Добрались они до неприютного его прибежища, смежного с пещерой, служившей тюрьмою Лисардо, и тут похотливый поклонник стал потчевать ее разными разностями, коих было у разбойников в избытке за счет окрестных селений. Алехандро был доставлен сюда же; он мог обрести свободу, но отказался, увидев, в каком положении оказалась Лаура; ей в угоду с ним обращались достаточно учтиво, ибо она сказала, что это ее брат.

Прекрасная девица трепетала, видя, что оказалась во власти злодеев; ведь прибегни этот человек к насилию, ей оставалось бы либо самоубийство, либо погибель.
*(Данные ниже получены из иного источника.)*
(* Let $(\vec f,\vec\theta,\rho,\vec{\mathcal J})$ be a Definitional SMTO problem over a background theory $T$. (i) Every conjunction $A$ of assumptions generated by $\vec{\mathcal J}$ is $T$-satisfiable when $\vec\theta$ is treated as uninterpreted functions. (ii) The problem cannot be both satisfiable and unsatisfiable. (iii) Suppose $\exists\vec f.\forall\vec\theta.\,A\Rightarrow\rho$ is $T$-satisfiable for a conjunction $A$ of generated assumptions. Then $\exists\vec f.\forall\vec\theta.\,A'\Rightarrow\rho$ is $T$-satisfiable for every conjunction $A'\supseteq A$ of generated assumptions. That is, further oracle calls cannot invalidate a result of "satisfiable".
   Context: An oracle interface is a tuple $\mathcal I=(\vec y,\vec z,\alpha_{gen},\beta_{gen})$, where $\vec y$ (the query domain) and $\vec z$ (the response co-domain) are lists of sorted variables, and $\alpha_{gen}$ (the assumption generator) and $\beta_{gen}$ (the constraint generator) are formulas whose free variables are among $\vec y,\vec z$. Each oracle interface has an associated oracle, which on a tuple of values $\vec c$ of the sorts of $\vec y$ returns a tuple of values $\vec d$ of the sorts of $\vec z$. If calling the oracle on $\vec c$ returns $\vec d$, then $\alpha_{gen}\cdot\{\vec y\to\vec c,\vec z\to\vec d\}$ is an assumption generated by $\mathcal I$, and $\beta_{gen}\cdot\{\vec y\to\vec c,\vec z\to\vec d\}$ is a constraint generated by $\mathcal I$. Here $e\cdot\{x\to t\}$ denotes substitution and $\approx$ denotes equality. An SMTO problem is a tuple $(\vec f,\vec\theta,\rho,\vec{\mathcal I})$, where $\vec f$ are ordinary function symbols, $\vec\theta$ are oracle function symbols, $\rho$ is a formula in a background theory $T$ whose free function symbols are $\vec f\uplus\vec\theta$, and $\vec{\mathcal I}$ is a set of oracle interfaces. The problem is unsatisfiable if $\exists\vec f.\exists\vec\theta.\,A\wedge\rho\wedge B$ is $T$-unsatisfiable, and it is satisfiable if $\exists\vec f.\forall\vec\theta.\,A\Rightarrow(\rho\wedge B)$ is $T$-satisfiable. In each case $A$ (respectively $B$) is some conjunction of assumptions (respectively constraints) generated by $\vec{\mathcal I}$. An oracle interface $\mathcal J$ defines an oracle function symbol $\theta$ if it has the form $((y_1,\dots,y_j),(z),\ \theta(y_1,\dots,y_j)\approx z,\ \text{true})$ and its associated oracle is functional, i.e. it always returns the same output on the same input. An SMTO problem $(\vec f,\vec\theta,\rho,\vec{\mathcal J})$ is in Definitional SMTO if $\vec\theta=(\theta_1,\dots,\theta_n)$, $\vec{\mathcal J}=(\mathcal J_1,\dots,\mathcal J_n)$, and $\mathcal J_i$ defines $\theta_i$ for every $i$. In particular, all generated constraints are trivially true, so $B$ may be taken to be empty. *)

theory Defs
  imports Main
begin

text \<open>A background theory T is given by its class of models, a set of structures of type 'm.
  Values are the elements of a fixed universe 'v (a value c denotes itself in every model).
  An interpretation of the ordinary symbols f is an element of type 'f, an interpretation of
  the oracle symbols theta is an element of type 't.  A formula whose free function symbols
  are among f and theta is identified with its meaning: a predicate on (model, f-interpretation,
  theta-interpretation).\<close>

type_synonym ('m, 'f, 't) fml = "'m \<Rightarrow> 'f \<Rightarrow> 't \<Rightarrow> bool"

text \<open>A family of oracle interfaces indexed by 'j: interface j has query arity qar j,
  response arity rar j, assumption generator alpha j, constraint generator beta j
  (both instantiated by the query values c and response values d), and its associated oracle,
  described by the relation resp j c d: "calling the oracle on c may return d".\<close>

definition gen_assumptions ::
  "('j \<Rightarrow> nat) \<Rightarrow> ('j \<Rightarrow> nat) \<Rightarrow> ('j \<Rightarrow> 'v list \<Rightarrow> 'v list \<Rightarrow> bool)
   \<Rightarrow> ('j \<Rightarrow> 'v list \<Rightarrow> 'v list \<Rightarrow> ('m, 'f, 't) fml) \<Rightarrow> ('m, 'f, 't) fml set" where
  "gen_assumptions qar rar resp alpha =
     {alpha j c d | j c d. length c = qar j \<and> length d = rar j \<and> resp j c d}"

definition gen_constraints ::
  "('j \<Rightarrow> nat) \<Rightarrow> ('j \<Rightarrow> nat) \<Rightarrow> ('j \<Rightarrow> 'v list \<Rightarrow> 'v list \<Rightarrow> bool)
   \<Rightarrow> ('j \<Rightarrow> 'v list \<Rightarrow> 'v list \<Rightarrow> ('m, 'f, 't) fml) \<Rightarrow> ('m, 'f, 't) fml set" where
  "gen_constraints qar rar resp beta =
     {beta j c d | j c d. length c = qar j \<and> length d = rar j \<and> resp j c d}"

definition conj_all :: "('m, 'f, 't) fml set \<Rightarrow> ('m, 'f, 't) fml" where
  "conj_all A = (\<lambda>M F \<Theta>. \<forall>a\<in>A. a M F \<Theta>)"

definition SMTO_unsat ::
  "'m set \<Rightarrow> ('m, 'f, 't) fml \<Rightarrow> ('j \<Rightarrow> nat) \<Rightarrow> ('j \<Rightarrow> nat) \<Rightarrow> ('j \<Rightarrow> 'v list \<Rightarrow> 'v list \<Rightarrow> bool)
   \<Rightarrow> ('j \<Rightarrow> 'v list \<Rightarrow> 'v list \<Rightarrow> ('m, 'f, 't) fml)
   \<Rightarrow> ('j \<Rightarrow> 'v list \<Rightarrow> 'v list \<Rightarrow> ('m, 'f, 't) fml) \<Rightarrow> bool" where
  "SMTO_unsat T rho qar rar resp alpha beta \<longleftrightarrow>
     (\<exists>A B. finite A \<and> A \<subseteq> gen_assumptions qar rar resp alpha \<and>
            finite B \<and> B \<subseteq> gen_constraints qar rar resp beta \<and>
            \<not> (\<exists>M\<in>T. \<exists>F \<Theta>. conj_all A M F \<Theta> \<and> rho M F \<Theta> \<and> conj_all B M F \<Theta>))"

definition SMTO_sat ::
  "'m set \<Rightarrow> ('m, 'f, 't) fml \<Rightarrow> ('j \<Rightarrow> nat) \<Rightarrow> ('j \<Rightarrow> nat) \<Rightarrow> ('j \<Rightarrow> 'v list \<Rightarrow> 'v list \<Rightarrow> bool)
   \<Rightarrow> ('j \<Rightarrow> 'v list \<Rightarrow> 'v list \<Rightarrow> ('m, 'f, 't) fml)
   \<Rightarrow> ('j \<Rightarrow> 'v list \<Rightarrow> 'v list \<Rightarrow> ('m, 'f, 't) fml) \<Rightarrow> bool" where
  "SMTO_sat T rho qar rar resp alpha beta \<longleftrightarrow>
     (\<exists>A B. finite A \<and> A \<subseteq> gen_assumptions qar rar resp alpha \<and>
            finite B \<and> B \<subseteq> gen_constraints qar rar resp beta \<and>
            (\<exists>M\<in>T. \<exists>F. \<forall>\<Theta>. conj_all A M F \<Theta> \<longrightarrow> rho M F \<Theta> \<and> conj_all B M F \<Theta>))"

text \<open>Interface i defines the oracle function symbol theta_i, where the oracle symbols are
  interpreted by \<Theta> :: 'i => 'v list => 'v (theta_i applied to the argument tuple c is \<Theta> i c):
  the response is a single value z, the assumption generator is theta_i(y) = z, the
  constraint generator is true, and the oracle is functional.\<close>
definition defines_oracle ::
  "('i \<Rightarrow> nat) \<Rightarrow> ('i \<Rightarrow> 'v list \<Rightarrow> 'v list \<Rightarrow> bool)
   \<Rightarrow> ('i \<Rightarrow> 'v list \<Rightarrow> 'v list \<Rightarrow> ('m, 'f, 'i \<Rightarrow> 'v list \<Rightarrow> 'v) fml)
   \<Rightarrow> ('i \<Rightarrow> 'v list \<Rightarrow> 'v list \<Rightarrow> ('m, 'f, 'i \<Rightarrow> 'v list \<Rightarrow> 'v) fml) \<Rightarrow> 'i \<Rightarrow> bool" where
  "defines_oracle rar resp alpha beta i \<longleftrightarrow>
     rar i = 1 \<and>
     (\<forall>c z. alpha i c [z] = (\<lambda>M F \<Theta>. \<Theta> i c = z)) \<and>
     (\<forall>c d. beta i c d = (\<lambda>M F \<Theta>. True)) \<and>
     (\<forall>c d d'. resp i c d \<longrightarrow> resp i c d' \<longrightarrow> d = d')"

definition definitional ::
  "('i \<Rightarrow> nat) \<Rightarrow> ('i \<Rightarrow> 'v list \<Rightarrow> 'v list \<Rightarrow> bool)
   \<Rightarrow> ('i \<Rightarrow> 'v list \<Rightarrow> 'v list \<Rightarrow> ('m, 'f, 'i \<Rightarrow> 'v list \<Rightarrow> 'v) fml)
   \<Rightarrow> ('i \<Rightarrow> 'v list \<Rightarrow> 'v list \<Rightarrow> ('m, 'f, 'i \<Rightarrow> 'v list \<Rightarrow> 'v) fml) \<Rightarrow> bool" where
  "definitional rar resp alpha beta \<longleftrightarrow> (\<forall>i. defines_oracle rar resp alpha beta i)"

end

theory Submission
  imports Defs
begin

text \<open>Since every interface of a definitional problem is a functional oracle for a single
  symbol, the oracle itself yields one interpretation of the oracle symbols under which every
  generated assumption holds, in every model and for every interpretation of the ordinary
  symbols; generated constraints are trivially true.  This gives (i), and it refutes
  unsatisfiability: instantiating the universally quantified oracle symbols of a satisfiability
  witness by the oracle interpretation produces a model of A, rho and B.  Part (iii) is
  monotonicity: a larger conjunction of assumptions weakens the implication.\<close>

definition oracle_interp :: "('i \<Rightarrow> 'v list \<Rightarrow> 'v list \<Rightarrow> bool) \<Rightarrow> 'i \<Rightarrow> 'v list \<Rightarrow> 'v" where
  "oracle_interp resp = (\<lambda>i c. hd (SOME d. resp i c d))"

lemma conj_all_antimono:
  assumes "A \<subseteq> A'" and "conj_all A' M F \<Theta>"
  shows "conj_all A M F \<Theta>"
  using assms unfolding conj_all_def by blast

lemma oracle_interp_response:
  assumes "defines_oracle rar resp alpha beta i" and "resp i c [z]"
  shows "oracle_interp resp i c = z"
proof -
  have "resp i c d \<Longrightarrow> d = [z]" for d
    using assms unfolding defines_oracle_def by blast
  then have "(SOME d. resp i c d) = [z]"
    using assms(2) by (rule some_equality[rotated])
  then show ?thesis unfolding oracle_interp_def by simp
qed

lemma defines_oracle_assumption_holds:
  assumes defi: "defines_oracle rar resp alpha beta i"
    and "length d = rar i" and "resp i c d"
  shows "alpha i c d M F (oracle_interp resp)"
proof -
  have alpha_eq: "alpha i c [z] = (\<lambda>M F \<Theta>. \<Theta> i c = z)" for z
    using defi unfolding defines_oracle_def by blast
  have "length d = 1"
    using assms unfolding defines_oracle_def by argo
  then obtain z where d: "d = [z]" by (cases d) auto
  then have "oracle_interp resp i c = z"
    using oracle_interp_response[OF defi] assms(3) by simp
  then show ?thesis using alpha_eq d by simp
qed

lemma definitional_conj_gen_assumptions:
  assumes "definitional rar resp alpha beta"
    and "A \<subseteq> gen_assumptions qar rar resp alpha"
  shows "conj_all A M F (oracle_interp resp)"
  unfolding conj_all_def
proof
  fix a assume "a \<in> A"
  then obtain i c d where "a = alpha i c d" "length d = rar i" "resp i c d"
    using assms(2) unfolding gen_assumptions_def by blast
  moreover have "defines_oracle rar resp alpha beta i"
    using assms(1) unfolding definitional_def ..
  ultimately show "a M F (oracle_interp resp)"
    using defines_oracle_assumption_holds by simp
qed

lemma definitional_conj_gen_constraints:
  assumes "definitional rar resp alpha beta"
    and "B \<subseteq> gen_constraints qar rar resp beta"
  shows "conj_all B M F \<Theta>"
  unfolding conj_all_def
proof
  fix b assume "b \<in> B"
  then obtain i c d where "b = beta i c d"
    using assms(2) unfolding gen_constraints_def by blast
  have "defines_oracle rar resp alpha beta i"
    using assms(1) unfolding definitional_def ..
  then have "beta i c d = (\<lambda>M F \<Theta>. True)"
    unfolding defines_oracle_def by (elim conjE allE)
  with \<open>b = beta i c d\<close> show "b M F \<Theta>" by simp
qed

lemma definitional_gen_assumptions_satisfiable:
  assumes "T \<noteq> {}" and "definitional rar resp alpha beta"
    and "A \<subseteq> gen_assumptions qar rar resp alpha"
  shows "\<exists>M\<in>T. \<exists>F \<Theta>. conj_all A M F \<Theta>"
proof -
  obtain M where "M \<in> T" using assms(1) by blast
  then show ?thesis using definitional_conj_gen_assumptions[OF assms(2,3)] by blast
qed

lemma definitional_not_sat_and_unsat:
  assumes defn: "definitional rar resp alpha beta"
  shows "\<not> (SMTO_sat T rho qar rar resp alpha beta \<and> SMTO_unsat T rho qar rar resp alpha beta)"
proof
  assume h: "SMTO_sat T rho qar rar resp alpha beta \<and> SMTO_unsat T rho qar rar resp alpha beta"
  then obtain A M F where A: "A \<subseteq> gen_assumptions qar rar resp alpha" and M: "M \<in> T"
    and F: "\<forall>\<Theta>. conj_all A M F \<Theta> \<longrightarrow> rho M F \<Theta>"
    unfolding SMTO_sat_def by blast
  from h obtain A' B' where A': "A' \<subseteq> gen_assumptions qar rar resp alpha"
    and B': "B' \<subseteq> gen_constraints qar rar resp beta"
    and unsat: "\<not> (\<exists>M\<in>T. \<exists>F \<Theta>. conj_all A' M F \<Theta> \<and> rho M F \<Theta> \<and> conj_all B' M F \<Theta>)"
    unfolding SMTO_unsat_def by blast
  let ?\<Theta> = "oracle_interp resp"
  have "rho M F ?\<Theta>" using F definitional_conj_gen_assumptions[OF defn A] by blast
  moreover have "conj_all A' M F ?\<Theta>" using definitional_conj_gen_assumptions[OF defn A'] .
  moreover have "conj_all B' M F ?\<Theta>" using definitional_conj_gen_constraints[OF defn B'] .
  ultimately show False using unsat M by blast
qed

lemma sat_under_assumptions_mono:
  assumes "A \<subseteq> A'" and "\<exists>M\<in>T. \<exists>F. \<forall>\<Theta>. conj_all A M F \<Theta> \<longrightarrow> rho M F \<Theta>"
  shows "\<exists>M\<in>T. \<exists>F. \<forall>\<Theta>. conj_all A' M F \<Theta> \<longrightarrow> rho M F \<Theta>"
  using assms(2) conj_all_antimono[OF assms(1)] by blast

theorem mainTheorem2:
  fixes T :: "'m set"
    and rho :: "('m, 'f, 'i \<Rightarrow> 'v list \<Rightarrow> 'v) fml"
    and qar rar :: "'i \<Rightarrow> nat"
    and resp :: "'i \<Rightarrow> 'v list \<Rightarrow> 'v list \<Rightarrow> bool"
    and alpha beta :: "'i \<Rightarrow> 'v list \<Rightarrow> 'v list \<Rightarrow> ('m, 'f, 'i \<Rightarrow> 'v list \<Rightarrow> 'v) fml"
  assumes T_consistent: "T \<noteq> {}"
    and defn: "definitional rar resp alpha beta"
  shows "(\<forall>A. finite A \<and> A \<subseteq> gen_assumptions qar rar resp alpha \<longrightarrow>
              (\<exists>M\<in>T. \<exists>F \<Theta>. conj_all A M F \<Theta>))
       \<and> \<not> (SMTO_sat T rho qar rar resp alpha beta \<and> SMTO_unsat T rho qar rar resp alpha beta)
       \<and> (\<forall>A A'. finite A \<and> A \<subseteq> gen_assumptions qar rar resp alpha \<and>
                 finite A' \<and> A' \<subseteq> gen_assumptions qar rar resp alpha \<and> A \<subseteq> A' \<longrightarrow>
                 (\<exists>M\<in>T. \<exists>F. \<forall>\<Theta>. conj_all A M F \<Theta> \<longrightarrow> rho M F \<Theta>) \<longrightarrow>
                 (\<exists>M\<in>T. \<exists>F. \<forall>\<Theta>. conj_all A' M F \<Theta> \<longrightarrow> rho M F \<Theta>))"
proof (intro conjI allI impI)
  fix A assume "finite A \<and> A \<subseteq> gen_assumptions qar rar resp alpha"
  then show "\<exists>M\<in>T. \<exists>F \<Theta>. conj_all A M F \<Theta>"
    using definitional_gen_assumptions_satisfiable[OF T_consistent defn] by (elim conjE)
next
  show "\<not> (SMTO_sat T rho qar rar resp alpha beta \<and> SMTO_unsat T rho qar rar resp alpha beta)"
    using definitional_not_sat_and_unsat[OF defn] .
next
  fix A A' :: "('m, 'f, 'i \<Rightarrow> 'v list \<Rightarrow> 'v) fml set"
  assume "finite A \<and> A \<subseteq> gen_assumptions qar rar resp alpha \<and>
    finite A' \<and> A' \<subseteq> gen_assumptions qar rar resp alpha \<and> A \<subseteq> A'"
  then have "A \<subseteq> A'" by (elim conjE)
  then show "(\<exists>M\<in>T. \<exists>F. \<forall>\<Theta>. conj_all A M F \<Theta> \<longrightarrow> rho M F \<Theta>) \<Longrightarrow>
      \<exists>M\<in>T. \<exists>F. \<forall>\<Theta>. conj_all A' M F \<Theta> \<longrightarrow> rho M F \<Theta>"
    by (rule sat_under_assumptions_mono)
qed

end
И о ей выпала на долю удача, если это слово уместно, когда речь идет о девице, попавшей в такое положение. Дело в том, что предводителю всей шайки, человеку весьма решительному и мастеру владеть оружием, так полюбилось ее лицо, что он стал защищать ее, ибо не мог притязать на нее сам, поскольку была она добычей другого, почти столь же могущественного, как и он; и, завидуя сопернику, атаман решил помешать тому насладиться пленницей, приписав милосердию то, что было вызвано завистью или ревностью. Лаура обрадовалась их соперничеству, увидев, что один будет защищать ее от другого, покуда небо не откроет ей способа обрести свободу. И поскольку эти двое, наводившие страх на жителей здешних мест, пытались вызвать искру веселья и радости в божественных очах Лауры, они повели ее поглядеть на их логова, причем предводитель поручился, что ей не грозит ничего, что было бы против ее воли.

Прибыли они туда, где находился Лисардо, который в те поры поневоле предавался отдыху, побежденный милосердным сном. И вот, когда робкая красавица разглядывала разные разности, скорее в угоду обоим поклонникам, которые их показывали, чем потому, что ей все это нравилось, пришла весть, что альгвасялы одного селения, в коем шайка оставила по себе не самую добрую память, двинули против них отряд. Оба разбойника всполошились и, забыв про любовь, стали думать, как отбиться: ведь когда под угрозой честь или жизнь, любовное влечение чаще всего перестает заявлять о себе, особенно, если еще не пустило корней; хотя, когда любви много лет или она связала любящих многими обязательствами, нет невозможности, перед которой она бы отступила, и опасности, которой она бы устрашилась.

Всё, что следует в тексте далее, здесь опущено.